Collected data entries

lemma integral_inverse_tail_recursion:
  fixes \<nu> :: "real measure" and G h D :: "real \<Rightarrow> real"
  assumes "prob_space \<nu>" and sets_\<nu>: "sets \<nu> = sets borel"
    and G_eq: "G = (\<lambda>t. measure \<nu> {t<..})" and G_pos: "\<And>t. G t > 0"
    and h_pos: "\<And>t. h t > 0" and "antimono h"
    and D_eq: "D = (\<lambda>t. (LINT v:{0..t}|\<nu>. 1 / (G v * h v)) * h t)"
  shows "D t \<ge> 0" and "D t \<le> 1 / G t"
    and "0 < s \<Longrightarrow> s \<le> t \<Longrightarrow> D t \<le> h t / h s * D s + (G s / G t - 1)"
    and "0 < s \<Longrightarrow> s \<le> t \<Longrightarrow> h t / h s * (D s + 1 - G t / G s) \<le> D t"
proof -
  interpret prob_space \<nu> by fact
  define \<phi> where "\<phi> v = 1 / (G v * h v)" for v
  define C where "C t = (LINT v:{0..t}|\<nu>. \<phi> v)" for t
  have "antimono G" unfolding G_eq by (rule antimono_measure_Ioi[OF finite_measure_axioms sets_\<nu>])
  have "mono \<phi>"
  proof (intro monoI)
    fix s t :: real assume "s \<le> t"
    then have "G t * h t \<le> G s * h s"
      using antimonoD[OF \<open>antimono G\<close>] antimonoD[OF \<open>antimono h\<close>] G_pos h_pos
      by (intro mult_mono) (auto intro: less_imp_le)
    then show "\<phi> s \<le> \<phi> t" unfolding \<phi>_def using G_pos h_pos by (intro divide_left_mono) auto
  qed
  have \<phi>_bounds: "\<phi> s * measure \<nu> A \<le> (LINT v:A|\<nu>. \<phi> v)" "(LINT v:A|\<nu>. \<phi> v) \<le> \<phi> t * measure \<nu> A"
    if "A \<in> sets borel" "A \<subseteq> {s..t}" for A s t
    using set_integral_mono_fun_bounds[OF finite_measure_axioms sets_\<nu> \<open>mono \<phi>\<close> that] by auto
  have C_split: "C t = C s + (LINT v:{s<..t}|\<nu>. \<phi> v)" if "0 \<le> s" "s \<le> t" for s t
    unfolding C_def using set_integral_mono_fun_Icc_split[OF finite_measure_axioms sets_\<nu> \<open>mono \<phi>\<close> that] .
  have C_nonneg: "C t \<ge> 0" for t
  proof -
    have "0 \<le> \<phi> 0 * measure \<nu> {0..t}" using G_pos[of 0] h_pos[of 0] unfolding \<phi>_def by simp
    also have "\<dots> \<le> C t" unfolding C_def by (rule \<phi>_bounds(1)) auto
    finally show ?thesis .
  qed
  have C_le: "C t \<le> \<phi> t" for t
  proof -
    have "C t \<le> \<phi> t * measure \<nu> {0..t}" unfolding C_def by (rule \<phi>_bounds(2)) auto
    also have "\<dots> \<le> \<phi> t"
      using prob_le_1[of "{0..t}"] G_pos[of t] h_pos[of t] unfolding \<phi>_def by (simp add: divide_right_mono)
    finally show ?thesis .
  qed
  have increment: "h t * (LINT v:{s<..t}|\<nu>. \<phi> v) \<le> G s / G t - 1"
    "h t / h s * (1 - G t / G s) \<le> h t * (LINT v:{s<..t}|\<nu>. \<phi> v)" if "s \<le> t" for s t
  proof -
    have I: "\<phi> s * (G s - G t) \<le> (LINT v:{s<..t}|\<nu>. \<phi> v)" "(LINT v:{s<..t}|\<nu>. \<phi> v) \<le> \<phi> t * (G s - G t)"
      using \<phi>_bounds[of "{s<..t}" s t] measure_Ioc_eq_diff_Ioi[OF finite_measure_axioms sets_\<nu> that]
      by (simp_all add: greaterThanAtMost_subseteq_atLeastAtMost_iff G_eq)
    have "h t * (LINT v:{s<..t}|\<nu>. \<phi> v) \<le> h t * (\<phi> t * (G s - G t))"
      using I(2) h_pos[of t] by simp
    also have "\<dots> = G s / G t - 1"
      using G_pos[of t] h_pos[of t] unfolding \<phi>_def by (simp add: field_simps)
    finally show "h t * (LINT v:{s<..t}|\<nu>. \<phi> v) \<le> G s / G t - 1" .
    have "h t / h s * (1 - G t / G s) = h t * (\<phi> s * (G s - G t))"
      using G_pos[of s] h_pos[of s] unfolding \<phi>_def by (simp add: field_simps)
    also have "\<dots> \<le> h t * (LINT v:{s<..t}|\<nu>. \<phi> v)"
      using I(1) h_pos[of t] by simp
    finally show "h t / h s * (1 - G t / G s) \<le> h t * (LINT v:{s<..t}|\<nu>. \<phi> v)" .
  qed
  have D_C: "D t = C t * h t" for t unfolding D_eq C_def \<phi>_def by simp
  show "D t \<ge> 0" using C_nonneg h_pos unfolding D_C by (simp add: less_imp_le)
  show "D t \<le> 1 / G t"
    using C_le[of t] h_pos[of t] G_pos[of t] unfolding D_C \<phi>_def by (simp add: field_simps)
  have split: "D t = h t / h s * D s + h t * (LINT v:{s<..t}|\<nu>. \<phi> v)" if "0 < s" "s \<le> t"
    using C_split[of s t] h_pos[of s] that unfolding D_C by (simp add: field_simps)
  show "D t \<le> h t / h s * D s + (G s / G t - 1)" if "0 < s" "s \<le> t"
    using split[OF that] increment[OF that(2)] by simp
  have "h t / h s * (D s + 1 - G t / G s) = h t / h s * D s + h t / h s * (1 - G t / G s)"
    by (simp only: add_diff_eq[symmetric] distrib_left)
  then show "h t / h s * (D s + 1 - G t / G s) \<le> D t" if "0 < s" "s \<le> t"
    using split[OF that] increment(2)[OF that(2)] by linarith
qed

▶ [Task directions] Looking over the records, find each line with the word "increment" and copy it.

▶ [Response area]
  have increment: "h t * (LINT v:{s<..t}|\<nu>. \<phi> v) \<le> G s / G t - 1"
    using split[OF that] increment[OF that(2)] by simp
    using split[OF that] increment(2)[OF that(2)] by linarith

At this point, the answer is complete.